INPUT |
>>>>>
theorem lemma4:
  fixes smH :: "complex \<Rightarrow> 'h::banach \<Rightarrow> 'h" and ip :: "'h \<Rightarrow> 'h \<Rightarrow> complex"
    and sm1 :: "complex \<Rightarrow> 'k1::banach \<Rightarrow> 'k1" and B1 :: "'k1 \<Rightarrow> 'k1 \<Rightarrow> complex"
    and sm2 :: "complex \<Rightarrow> 'k2::banach \<Rightarrow> 'k2" and B2 :: "'k2 \<Rightarrow> 'k2 \<Rightarrow> complex"
    and A1 :: "('k1 \<times> 'k1) set" and A2 :: "('k2 \<times> 'k2) set"
    and \<Gamma>1 :: "'h \<Rightarrow> 'k1" and \<Gamma>2 :: "'h \<Rightarrow> 'k2"
    and Q1 Q2 :: "complex \<Rightarrow> 'h \<Rightarrow> 'h" and z0 :: complex
    and T1 :: "'k1 \<Rightarrow> 'k1" and T2 :: "'k2 \<Rightarrow> 'k2"
    and \<Gamma>01 :: "'h \<Rightarrow> 'k1" and \<Gamma>02 :: "'h \<Rightarrow> 'k2"
  assumes H: "chilbert smH ip"
    and K1: "pontryagin sm1 B1" and K2: "pontryagin sm2 B2"
  shows
   "((selfadj_rel sm1 B1 A1 \<and> selfadj_rel sm2 B2 A2
      \<and> z0 \<in> rset sm1 A1 \<and> z0 \<in> rset sm2 A2 \<and> Im z0 > 0
      \<and> cbounded smH sm1 \<Gamma>1 \<and> cbounded smH sm2 \<Gamma>2
      \<and> has_kadj ip B1 \<Gamma>1 \<and> has_kadj ip B2 \<Gamma>2
      \<and> has_kadj ip ip (Q1 z0) \<and> has_kadj ip ip (Q2 z0)
      \<and> (\<forall>z \<in> rset sm1 A1. \<forall>h. Q1 z h = kadj ip ip (Q1 z0) h
            + smH (z - cnj z0) (kadj ip B1 \<Gamma>1 (\<Gamma>1 h + sm1 (z - z0) (resolv sm1 A1 z (\<Gamma>1 h)))))
      \<and> (\<forall>z \<in> rset sm2 A2. \<forall>h. Q2 z h = kadj ip ip (Q2 z0) h
            + smH (z - cnj z0) (kadj ip B2 \<Gamma>2 (\<Gamma>2 h + sm2 (z - z0) (resolv sm2 A2 z (\<Gamma>2 h))))))
     \<longrightarrow>
      (let A = dsum A1 A2; \<Gamma> = (\<lambda>h. (\<Gamma>1 h, \<Gamma>2 h)); sm = prod_sm sm1 sm2;
           \<Gamma>p = kadj ip (psum B1 B2) \<Gamma>
       in (\<forall>z \<in> rset sm1 A1 \<inter> rset sm2 A2. \<forall>h.
             Q1 z h + Q2 z h = kadj ip ip (Q1 z0) h + kadj ip ip (Q2 z0) h
               + smH (z - cnj z0) (\<Gamma>p (\<Gamma> h + sm (z - z0) (resolv sm A z (\<Gamma> h)))))
        \<and> (inj \<Gamma>p \<longrightarrow>
             closure (module.span sm
               {\<Gamma> h + sm (z - z0) (resolv sm A z (\<Gamma> h)) | z h. z \<in> rset sm A}) = UNIV)))
    \<and>
    ((cbounded sm1 sm1 T1 \<and> selfadj_rel sm1 B1 (gr T1)
      \<and> cbounded sm2 sm2 T2 \<and> selfadj_rel sm2 B2 (gr T2)
      \<and> cbounded smH sm1 \<Gamma>01 \<and> cbounded smH sm2 \<Gamma>02
      \<and> has_kadj ip B1 \<Gamma>01 \<and> has_kadj ip B2 \<Gamma>02
      \<and> closure (module.span (prod_sm sm1 sm2)
           {resolv (prod_sm sm1 sm2) (dsum (gr T1) (gr T2)) z (\<Gamma>01 h, \<Gamma>02 h) | z h.
              z \<in> rset (prod_sm sm1 sm2) (dsum (gr T1) (gr T2))}) = UNIV
      \<and> (inj \<Gamma>01 \<or> inj \<Gamma>02))
     \<longrightarrow>
      (\<forall>f. (\<forall>z \<in> rset (prod_sm sm1 sm2) (dsum (gr T1) (gr T2)). \<forall>h.
              ip f (kadj ip B1 \<Gamma>01 (resolv sm1 (gr T1) z (\<Gamma>01 h))
                    + kadj ip B2 \<Gamma>02 (resolv sm2 (gr T2) z (\<Gamma>02 h))) = 0)
           \<longrightarrow> f = 0))"
proof -
  obtain J1 J2 where J1: "fundamental_symmetry sm1 B1 J1" and J2: "fundamental_symmetry sm2 B2 J2"
    using pontryagin_fundamental_symmetry[OF K1] pontryagin_fundamental_symmetry[OF K2] by metis
  have kernel_trivial: "f = 0"
    if "cbounded smH sm1 \<Gamma>01" "cbounded smH sm2 \<Gamma>02" "inj \<Gamma>01 \<or> inj \<Gamma>02"
      and "\<Gamma>01 f = 0" "\<Gamma>02 f = 0" for f
    using that cbounded_zero by (metis injD)
  show ?thesis
    unfolding Let_def
  proof ((intro conjI impI allI ballI; elim conjE), goal_cases)
    case (1 z h)
    then show ?case
      by (simp add: representation_dsum[OF H] algebra_simps)
  next
    case 2
    then show ?case
      by (intro representation_dsum_minimal[OF H J1 J2])
  next
    case (3 f)
    then show ?case
      using representation_dsum_orthogonal_imp_eq_0[OF H J1 J2] kernel_trivial by blast
  qed
qed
<<<<<
HOW TO COMPLETE THIS TASK | Give the records back in full, word for word.

EXERCISE ANSWER |
theorem lemma4:
  fixes smH :: "complex \<Rightarrow> 'h::banach \<Rightarrow> 'h" and ip :: "'h \<Rightarrow> 'h \<Rightarrow> complex"
    and sm1 :: "complex \<Rightarrow> 'k1::banach \<Rightarrow> 'k1" and B1 :: "'k1 \<Rightarrow> 'k1 \<Rightarrow> complex"
    and sm2 :: "complex \<Rightarrow> 'k2::banach \<Rightarrow> 'k2" and B2 :: "'k2 \<Rightarrow> 'k2 \<Rightarrow> complex"
    and A1 :: "('k1 \<times> 'k1) set" and A2 :: "('k2 \<times> 'k2) set"
    and \<Gamma>1 :: "'h \<Rightarrow> 'k1" and \<Gamma>2 :: "'h \<Rightarrow> 'k2"
    and Q1 Q2 :: "complex \<Rightarrow> 'h \<Rightarrow> 'h" and z0 :: complex
    and T1 :: "'k1 \<Rightarrow> 'k1" and T2 :: "'k2 \<Rightarrow> 'k2"
    and \<Gamma>01 :: "'h \<Rightarrow> 'k1" and \<Gamma>02 :: "'h \<Rightarrow> 'k2"
  assumes H: "chilbert smH ip"
    and K1: "pontryagin sm1 B1" and K2: "pontryagin sm2 B2"
  shows
   "((selfadj_rel sm1 B1 A1 \<and> selfadj_rel sm2 B2 A2
      \<and> z0 \<in> rset sm1 A1 \<and> z0 \<in> rset sm2 A2 \<and> Im z0 > 0
      \<and> cbounded smH sm1 \<Gamma>1 \<and> cbounded smH sm2 \<Gamma>2
      \<and> has_kadj ip B1 \<Gamma>1 \<and> has_kadj ip B2 \<Gamma>2
      \<and> has_kadj ip ip (Q1 z0) \<and> has_kadj ip ip (Q2 z0)
      \<and> (\<forall>z \<in> rset sm1 A1. \<forall>h. Q1 z h = kadj ip ip (Q1 z0) h
            + smH (z - cnj z0) (kadj ip B1 \<Gamma>1 (\<Gamma>1 h + sm1 (z - z0) (resolv sm1 A1 z (\<Gamma>1 h)))))
      \<and> (\<forall>z \<in> rset sm2 A2. \<forall>h. Q2 z h = kadj ip ip (Q2 z0) h
            + smH (z - cnj z0) (kadj ip B2 \<Gamma>2 (\<Gamma>2 h + sm2 (z - z0) (resolv sm2 A2 z (\<Gamma>2 h))))))
     \<longrightarrow>
      (let A = dsum A1 A2; \<Gamma> = (\<lambda>h. (\<Gamma>1 h, \<Gamma>2 h)); sm = prod_sm sm1 sm2;
           \<Gamma>p = kadj ip (psum B1 B2) \<Gamma>
       in (\<forall>z \<in> rset sm1 A1 \<inter> rset sm2 A2. \<forall>h.
             Q1 z h + Q2 z h = kadj ip ip (Q1 z0) h + kadj ip ip (Q2 z0) h
               + smH (z - cnj z0) (\<Gamma>p (\<Gamma> h + sm (z - z0) (resolv sm A z (\<Gamma> h)))))
        \<and> (inj \<Gamma>p \<longrightarrow>
             closure (module.span sm
               {\<Gamma> h + sm (z - z0) (resolv sm A z (\<Gamma> h)) | z h. z \<in> rset sm A}) = UNIV)))
    \<and>
    ((cbounded sm1 sm1 T1 \<and> selfadj_rel sm1 B1 (gr T1)
      \<and> cbounded sm2 sm2 T2 \<and> selfadj_rel sm2 B2 (gr T2)
      \<and> cbounded smH sm1 \<Gamma>01 \<and> cbounded smH sm2 \<Gamma>02
      \<and> has_kadj ip B1 \<Gamma>01 \<and> has_kadj ip B2 \<Gamma>02
      \<and> closure (module.span (prod_sm sm1 sm2)
           {resolv (prod_sm sm1 sm2) (dsum (gr T1) (gr T2)) z (\<Gamma>01 h, \<Gamma>02 h) | z h.
              z \<in> rset (prod_sm sm1 sm2) (dsum (gr T1) (gr T2))}) = UNIV
      \<and> (inj \<Gamma>01 \<or> inj \<Gamma>02))
     \<longrightarrow>
      (\<forall>f. (\<forall>z \<in> rset (prod_sm sm1 sm2) (dsum (gr T1) (gr T2)). \<forall>h.
              ip f (kadj ip B1 \<Gamma>01 (resolv sm1 (gr T1) z (\<Gamma>01 h))
                    + kadj ip B2 \<Gamma>02 (resolv sm2 (gr T2) z (\<Gamma>02 h))) = 0)
           \<longrightarrow> f = 0))"
proof -
  obtain J1 J2 where J1: "fundamental_symmetry sm1 B1 J1" and J2: "fundamental_symmetry sm2 B2 J2"
    using pontryagin_fundamental_symmetry[OF K1] pontryagin_fundamental_symmetry[OF K2] by metis
  have kernel_trivial: "f = 0"
    if "cbounded smH sm1 \<Gamma>01" "cbounded smH sm2 \<Gamma>02" "inj \<Gamma>01 \<or> inj \<Gamma>02"
      and "\<Gamma>01 f = 0" "\<Gamma>02 f = 0" for f
    using that cbounded_zero by (metis injD)
  show ?thesis
    unfolding Let_def
  proof ((intro conjI impI allI ballI; elim conjE), goal_cases)
    case (1 z h)
    then show ?case
      by (simp add: representation_dsum[OF H] algebra_simps)
  next
    case 2
    then show ?case
      by (intro representation_dsum_minimal[OF H J1 J2])
  next
    case (3 f)
    then show ?case
      using representation_dsum_orthogonal_imp_eq_0[OF H J1 J2] kernel_trivial by blast
  qed
qed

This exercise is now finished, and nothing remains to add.